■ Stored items
========================================================================
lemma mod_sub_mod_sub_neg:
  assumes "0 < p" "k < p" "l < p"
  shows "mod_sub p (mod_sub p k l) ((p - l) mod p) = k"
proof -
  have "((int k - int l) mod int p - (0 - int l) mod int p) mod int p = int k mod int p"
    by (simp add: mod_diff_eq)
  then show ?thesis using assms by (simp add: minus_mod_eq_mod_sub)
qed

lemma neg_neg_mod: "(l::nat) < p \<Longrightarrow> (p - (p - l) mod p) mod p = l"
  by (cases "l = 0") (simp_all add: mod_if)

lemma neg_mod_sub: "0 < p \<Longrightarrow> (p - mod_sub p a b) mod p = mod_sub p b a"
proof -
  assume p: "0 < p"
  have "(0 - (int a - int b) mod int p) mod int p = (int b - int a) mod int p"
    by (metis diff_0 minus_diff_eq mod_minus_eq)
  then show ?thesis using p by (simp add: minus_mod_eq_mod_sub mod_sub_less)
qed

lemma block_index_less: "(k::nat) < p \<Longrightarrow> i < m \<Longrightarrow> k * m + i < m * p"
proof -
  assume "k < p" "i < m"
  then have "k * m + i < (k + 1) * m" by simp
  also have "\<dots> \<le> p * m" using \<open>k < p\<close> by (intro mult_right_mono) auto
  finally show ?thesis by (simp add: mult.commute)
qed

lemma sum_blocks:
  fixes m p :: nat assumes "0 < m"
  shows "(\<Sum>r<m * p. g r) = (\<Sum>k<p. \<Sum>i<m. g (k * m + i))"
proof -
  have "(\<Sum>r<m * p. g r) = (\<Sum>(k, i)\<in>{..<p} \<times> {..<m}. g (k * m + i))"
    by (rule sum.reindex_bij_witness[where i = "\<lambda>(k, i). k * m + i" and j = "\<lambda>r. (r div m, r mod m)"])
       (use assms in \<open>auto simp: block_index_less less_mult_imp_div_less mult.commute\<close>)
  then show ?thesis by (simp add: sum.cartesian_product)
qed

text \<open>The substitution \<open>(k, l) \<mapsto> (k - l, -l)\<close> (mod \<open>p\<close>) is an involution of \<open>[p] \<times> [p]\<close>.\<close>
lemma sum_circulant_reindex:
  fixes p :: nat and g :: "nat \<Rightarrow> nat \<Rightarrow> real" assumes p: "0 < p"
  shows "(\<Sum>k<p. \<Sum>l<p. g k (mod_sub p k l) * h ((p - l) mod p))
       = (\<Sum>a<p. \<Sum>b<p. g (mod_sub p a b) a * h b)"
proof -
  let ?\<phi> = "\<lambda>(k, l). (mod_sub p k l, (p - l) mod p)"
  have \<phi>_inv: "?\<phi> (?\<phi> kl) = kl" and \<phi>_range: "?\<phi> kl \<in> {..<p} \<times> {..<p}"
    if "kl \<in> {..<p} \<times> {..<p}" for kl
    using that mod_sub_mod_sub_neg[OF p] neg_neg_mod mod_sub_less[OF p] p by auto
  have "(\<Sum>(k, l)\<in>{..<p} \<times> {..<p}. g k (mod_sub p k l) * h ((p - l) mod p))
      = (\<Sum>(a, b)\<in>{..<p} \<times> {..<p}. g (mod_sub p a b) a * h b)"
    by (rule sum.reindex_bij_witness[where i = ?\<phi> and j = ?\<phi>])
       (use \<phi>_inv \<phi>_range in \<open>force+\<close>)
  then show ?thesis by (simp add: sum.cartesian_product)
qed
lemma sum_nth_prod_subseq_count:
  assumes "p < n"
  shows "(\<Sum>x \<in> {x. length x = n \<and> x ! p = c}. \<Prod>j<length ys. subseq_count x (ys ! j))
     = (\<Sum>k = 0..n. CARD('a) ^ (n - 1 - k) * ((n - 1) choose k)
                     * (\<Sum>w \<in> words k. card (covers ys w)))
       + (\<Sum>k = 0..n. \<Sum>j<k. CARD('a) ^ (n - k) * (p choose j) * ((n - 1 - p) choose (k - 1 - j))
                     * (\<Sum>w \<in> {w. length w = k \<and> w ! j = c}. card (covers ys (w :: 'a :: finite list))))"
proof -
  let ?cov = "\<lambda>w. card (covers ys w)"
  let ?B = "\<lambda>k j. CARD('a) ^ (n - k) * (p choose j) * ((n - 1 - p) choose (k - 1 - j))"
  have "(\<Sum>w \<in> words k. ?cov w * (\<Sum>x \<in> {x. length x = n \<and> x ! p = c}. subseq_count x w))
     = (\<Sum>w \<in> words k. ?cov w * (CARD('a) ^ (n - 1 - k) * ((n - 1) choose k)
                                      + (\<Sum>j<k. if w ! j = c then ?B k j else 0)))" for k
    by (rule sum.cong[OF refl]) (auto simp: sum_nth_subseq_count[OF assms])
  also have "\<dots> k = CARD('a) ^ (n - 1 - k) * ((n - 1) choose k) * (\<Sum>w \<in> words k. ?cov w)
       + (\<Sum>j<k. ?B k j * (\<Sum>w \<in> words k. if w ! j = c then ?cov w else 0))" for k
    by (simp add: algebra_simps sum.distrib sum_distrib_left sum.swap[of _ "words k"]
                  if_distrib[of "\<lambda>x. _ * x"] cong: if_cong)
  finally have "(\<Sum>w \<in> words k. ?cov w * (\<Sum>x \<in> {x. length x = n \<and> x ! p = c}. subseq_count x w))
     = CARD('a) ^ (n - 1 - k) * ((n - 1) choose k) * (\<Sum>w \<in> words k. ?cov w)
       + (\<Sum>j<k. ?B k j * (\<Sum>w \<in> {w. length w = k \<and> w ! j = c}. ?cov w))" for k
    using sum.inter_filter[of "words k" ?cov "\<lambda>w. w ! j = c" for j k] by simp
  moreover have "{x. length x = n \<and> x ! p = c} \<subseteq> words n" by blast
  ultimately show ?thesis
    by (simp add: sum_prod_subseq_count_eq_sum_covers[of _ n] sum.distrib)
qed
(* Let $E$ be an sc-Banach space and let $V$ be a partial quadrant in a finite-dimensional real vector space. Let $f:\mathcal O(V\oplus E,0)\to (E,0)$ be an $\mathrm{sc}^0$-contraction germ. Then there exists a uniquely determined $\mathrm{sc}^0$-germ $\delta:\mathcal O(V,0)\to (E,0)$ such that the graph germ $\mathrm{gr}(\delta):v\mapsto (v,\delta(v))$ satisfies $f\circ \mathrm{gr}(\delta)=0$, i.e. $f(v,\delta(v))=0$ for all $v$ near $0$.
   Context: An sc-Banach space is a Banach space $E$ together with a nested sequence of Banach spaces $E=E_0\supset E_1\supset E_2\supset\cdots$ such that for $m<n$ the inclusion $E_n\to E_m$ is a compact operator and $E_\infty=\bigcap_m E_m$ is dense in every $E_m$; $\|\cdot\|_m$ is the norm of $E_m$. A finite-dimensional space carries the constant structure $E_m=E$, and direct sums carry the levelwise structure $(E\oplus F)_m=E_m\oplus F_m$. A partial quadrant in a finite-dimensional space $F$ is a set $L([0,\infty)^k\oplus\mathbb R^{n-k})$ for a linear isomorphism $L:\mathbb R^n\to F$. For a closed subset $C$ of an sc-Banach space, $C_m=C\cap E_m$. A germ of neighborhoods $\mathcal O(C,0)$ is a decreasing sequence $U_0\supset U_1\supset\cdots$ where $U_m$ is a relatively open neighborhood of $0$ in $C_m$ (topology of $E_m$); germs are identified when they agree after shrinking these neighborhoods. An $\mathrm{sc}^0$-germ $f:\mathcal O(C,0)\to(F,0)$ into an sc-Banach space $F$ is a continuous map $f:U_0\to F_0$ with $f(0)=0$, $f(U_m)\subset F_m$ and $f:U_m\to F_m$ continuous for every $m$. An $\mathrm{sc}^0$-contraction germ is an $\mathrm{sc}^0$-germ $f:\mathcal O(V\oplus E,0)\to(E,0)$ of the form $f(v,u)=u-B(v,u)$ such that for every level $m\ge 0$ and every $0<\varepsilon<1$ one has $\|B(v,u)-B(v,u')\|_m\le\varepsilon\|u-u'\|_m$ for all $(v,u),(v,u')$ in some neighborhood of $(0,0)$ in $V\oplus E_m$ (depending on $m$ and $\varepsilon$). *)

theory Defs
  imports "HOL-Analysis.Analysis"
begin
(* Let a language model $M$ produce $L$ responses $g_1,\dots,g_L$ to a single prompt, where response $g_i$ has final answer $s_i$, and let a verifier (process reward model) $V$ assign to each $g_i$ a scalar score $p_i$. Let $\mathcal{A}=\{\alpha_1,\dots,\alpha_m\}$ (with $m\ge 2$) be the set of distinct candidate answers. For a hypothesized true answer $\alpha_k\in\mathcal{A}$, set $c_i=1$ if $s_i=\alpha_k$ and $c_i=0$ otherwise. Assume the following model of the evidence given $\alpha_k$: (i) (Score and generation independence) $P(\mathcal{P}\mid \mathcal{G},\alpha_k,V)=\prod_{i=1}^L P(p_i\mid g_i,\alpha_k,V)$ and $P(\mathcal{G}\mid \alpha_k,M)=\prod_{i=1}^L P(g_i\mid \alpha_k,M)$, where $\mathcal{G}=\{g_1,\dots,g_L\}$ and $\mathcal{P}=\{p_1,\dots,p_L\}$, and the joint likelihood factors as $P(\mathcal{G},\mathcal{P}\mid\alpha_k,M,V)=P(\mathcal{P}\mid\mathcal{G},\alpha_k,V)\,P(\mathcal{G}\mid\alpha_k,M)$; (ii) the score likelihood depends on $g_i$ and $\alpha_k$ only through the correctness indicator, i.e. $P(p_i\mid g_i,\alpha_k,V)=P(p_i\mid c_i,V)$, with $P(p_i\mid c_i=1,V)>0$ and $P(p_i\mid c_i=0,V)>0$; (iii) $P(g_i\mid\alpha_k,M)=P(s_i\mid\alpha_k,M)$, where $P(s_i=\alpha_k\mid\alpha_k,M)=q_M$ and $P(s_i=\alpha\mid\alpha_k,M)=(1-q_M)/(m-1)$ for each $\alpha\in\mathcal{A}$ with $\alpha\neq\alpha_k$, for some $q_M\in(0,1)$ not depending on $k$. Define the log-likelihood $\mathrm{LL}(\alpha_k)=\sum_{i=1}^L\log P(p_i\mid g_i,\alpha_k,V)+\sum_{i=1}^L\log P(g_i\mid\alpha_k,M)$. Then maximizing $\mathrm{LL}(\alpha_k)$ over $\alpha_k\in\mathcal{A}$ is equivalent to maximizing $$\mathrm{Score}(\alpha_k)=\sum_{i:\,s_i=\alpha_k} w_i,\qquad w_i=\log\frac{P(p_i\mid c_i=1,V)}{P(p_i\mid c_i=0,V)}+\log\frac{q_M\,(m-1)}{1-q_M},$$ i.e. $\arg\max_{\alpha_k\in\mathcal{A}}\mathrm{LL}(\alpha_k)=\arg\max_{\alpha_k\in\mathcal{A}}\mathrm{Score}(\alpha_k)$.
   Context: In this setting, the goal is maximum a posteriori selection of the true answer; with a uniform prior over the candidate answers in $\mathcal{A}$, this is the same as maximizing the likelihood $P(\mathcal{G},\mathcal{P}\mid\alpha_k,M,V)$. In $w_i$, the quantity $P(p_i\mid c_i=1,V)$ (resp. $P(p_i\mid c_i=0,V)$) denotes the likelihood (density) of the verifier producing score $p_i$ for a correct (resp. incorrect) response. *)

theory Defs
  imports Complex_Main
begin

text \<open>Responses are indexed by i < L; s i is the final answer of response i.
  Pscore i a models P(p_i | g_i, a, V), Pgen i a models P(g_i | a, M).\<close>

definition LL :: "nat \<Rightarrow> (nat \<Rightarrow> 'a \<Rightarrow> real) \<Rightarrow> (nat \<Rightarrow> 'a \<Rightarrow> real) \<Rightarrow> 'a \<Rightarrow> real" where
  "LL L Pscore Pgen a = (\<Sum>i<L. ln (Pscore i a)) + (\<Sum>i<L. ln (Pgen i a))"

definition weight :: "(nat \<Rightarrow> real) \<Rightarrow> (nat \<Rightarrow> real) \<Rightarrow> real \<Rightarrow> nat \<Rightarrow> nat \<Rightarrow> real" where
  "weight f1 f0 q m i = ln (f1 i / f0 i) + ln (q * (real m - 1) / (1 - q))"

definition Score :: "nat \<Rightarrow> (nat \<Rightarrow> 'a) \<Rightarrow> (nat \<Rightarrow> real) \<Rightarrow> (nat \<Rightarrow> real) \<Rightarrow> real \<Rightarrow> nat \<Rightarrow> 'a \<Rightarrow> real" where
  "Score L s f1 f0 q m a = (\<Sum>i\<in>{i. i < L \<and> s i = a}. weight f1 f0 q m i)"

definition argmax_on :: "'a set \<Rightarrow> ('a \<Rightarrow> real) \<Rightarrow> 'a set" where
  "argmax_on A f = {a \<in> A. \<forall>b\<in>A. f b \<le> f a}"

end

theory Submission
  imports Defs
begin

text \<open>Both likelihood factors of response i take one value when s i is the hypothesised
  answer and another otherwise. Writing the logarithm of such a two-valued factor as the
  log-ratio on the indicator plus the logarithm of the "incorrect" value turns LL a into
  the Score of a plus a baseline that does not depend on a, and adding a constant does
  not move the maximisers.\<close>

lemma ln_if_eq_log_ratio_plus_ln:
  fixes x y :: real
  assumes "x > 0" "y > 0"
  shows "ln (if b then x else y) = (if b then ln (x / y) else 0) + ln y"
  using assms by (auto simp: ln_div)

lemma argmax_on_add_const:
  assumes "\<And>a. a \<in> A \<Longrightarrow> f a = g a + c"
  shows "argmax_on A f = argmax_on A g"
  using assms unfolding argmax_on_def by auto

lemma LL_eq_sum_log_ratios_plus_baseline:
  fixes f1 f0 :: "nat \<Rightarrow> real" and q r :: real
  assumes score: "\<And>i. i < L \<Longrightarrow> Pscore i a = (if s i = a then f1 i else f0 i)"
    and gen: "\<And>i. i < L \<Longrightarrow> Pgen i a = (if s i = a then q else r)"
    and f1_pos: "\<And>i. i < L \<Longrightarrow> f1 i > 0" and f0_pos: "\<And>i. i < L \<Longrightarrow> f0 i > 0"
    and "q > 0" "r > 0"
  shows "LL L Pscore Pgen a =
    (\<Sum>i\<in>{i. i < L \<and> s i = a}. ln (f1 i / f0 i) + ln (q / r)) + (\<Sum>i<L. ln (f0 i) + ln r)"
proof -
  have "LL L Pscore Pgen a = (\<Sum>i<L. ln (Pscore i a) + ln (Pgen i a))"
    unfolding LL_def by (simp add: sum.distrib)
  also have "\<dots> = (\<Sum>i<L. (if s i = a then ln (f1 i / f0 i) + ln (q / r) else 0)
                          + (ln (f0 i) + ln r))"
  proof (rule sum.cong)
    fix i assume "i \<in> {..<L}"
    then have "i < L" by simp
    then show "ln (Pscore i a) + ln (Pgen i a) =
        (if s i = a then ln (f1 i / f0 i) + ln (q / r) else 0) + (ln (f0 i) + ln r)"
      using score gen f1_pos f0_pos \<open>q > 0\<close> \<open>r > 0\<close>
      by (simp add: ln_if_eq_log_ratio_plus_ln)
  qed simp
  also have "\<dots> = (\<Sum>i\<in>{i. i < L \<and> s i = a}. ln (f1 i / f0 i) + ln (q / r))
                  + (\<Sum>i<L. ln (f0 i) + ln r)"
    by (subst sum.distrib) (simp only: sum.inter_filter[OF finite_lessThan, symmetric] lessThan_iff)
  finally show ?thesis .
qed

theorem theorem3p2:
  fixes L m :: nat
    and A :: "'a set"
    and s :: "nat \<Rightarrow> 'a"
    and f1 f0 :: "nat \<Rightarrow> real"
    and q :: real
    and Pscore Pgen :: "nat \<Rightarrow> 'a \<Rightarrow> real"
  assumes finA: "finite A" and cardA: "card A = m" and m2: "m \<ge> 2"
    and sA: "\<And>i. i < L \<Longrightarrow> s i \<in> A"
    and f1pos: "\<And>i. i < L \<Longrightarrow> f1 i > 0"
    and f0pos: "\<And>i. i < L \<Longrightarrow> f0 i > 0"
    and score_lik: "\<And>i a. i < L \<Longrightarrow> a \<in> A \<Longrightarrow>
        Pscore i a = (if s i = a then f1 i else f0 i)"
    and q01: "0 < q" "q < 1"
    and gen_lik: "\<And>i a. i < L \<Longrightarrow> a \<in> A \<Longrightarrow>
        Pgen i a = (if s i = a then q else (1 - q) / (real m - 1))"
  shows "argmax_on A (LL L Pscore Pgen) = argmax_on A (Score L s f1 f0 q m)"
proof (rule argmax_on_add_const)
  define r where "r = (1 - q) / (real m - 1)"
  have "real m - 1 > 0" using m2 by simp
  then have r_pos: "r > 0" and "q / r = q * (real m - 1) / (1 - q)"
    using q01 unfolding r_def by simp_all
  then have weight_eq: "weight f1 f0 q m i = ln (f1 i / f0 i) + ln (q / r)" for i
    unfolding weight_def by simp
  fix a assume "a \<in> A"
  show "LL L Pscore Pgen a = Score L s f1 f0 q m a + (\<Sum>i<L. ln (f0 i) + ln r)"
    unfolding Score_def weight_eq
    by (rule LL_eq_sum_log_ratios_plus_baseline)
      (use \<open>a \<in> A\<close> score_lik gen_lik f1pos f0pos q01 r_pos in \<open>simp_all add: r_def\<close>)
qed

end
========================================================================
■ WORK REQUEST
The lines of the records that contain the string "finally" should be located and copied.

■ TASK OUTPUT
  finally show ?thesis by (simp add: mult.commute)
  finally have "(\<Sum>w \<in> words k. ?cov w * (\<Sum>x \<in> {x. length x = n \<and> x ! p = c}. subseq_count x w))
  finally show ?thesis .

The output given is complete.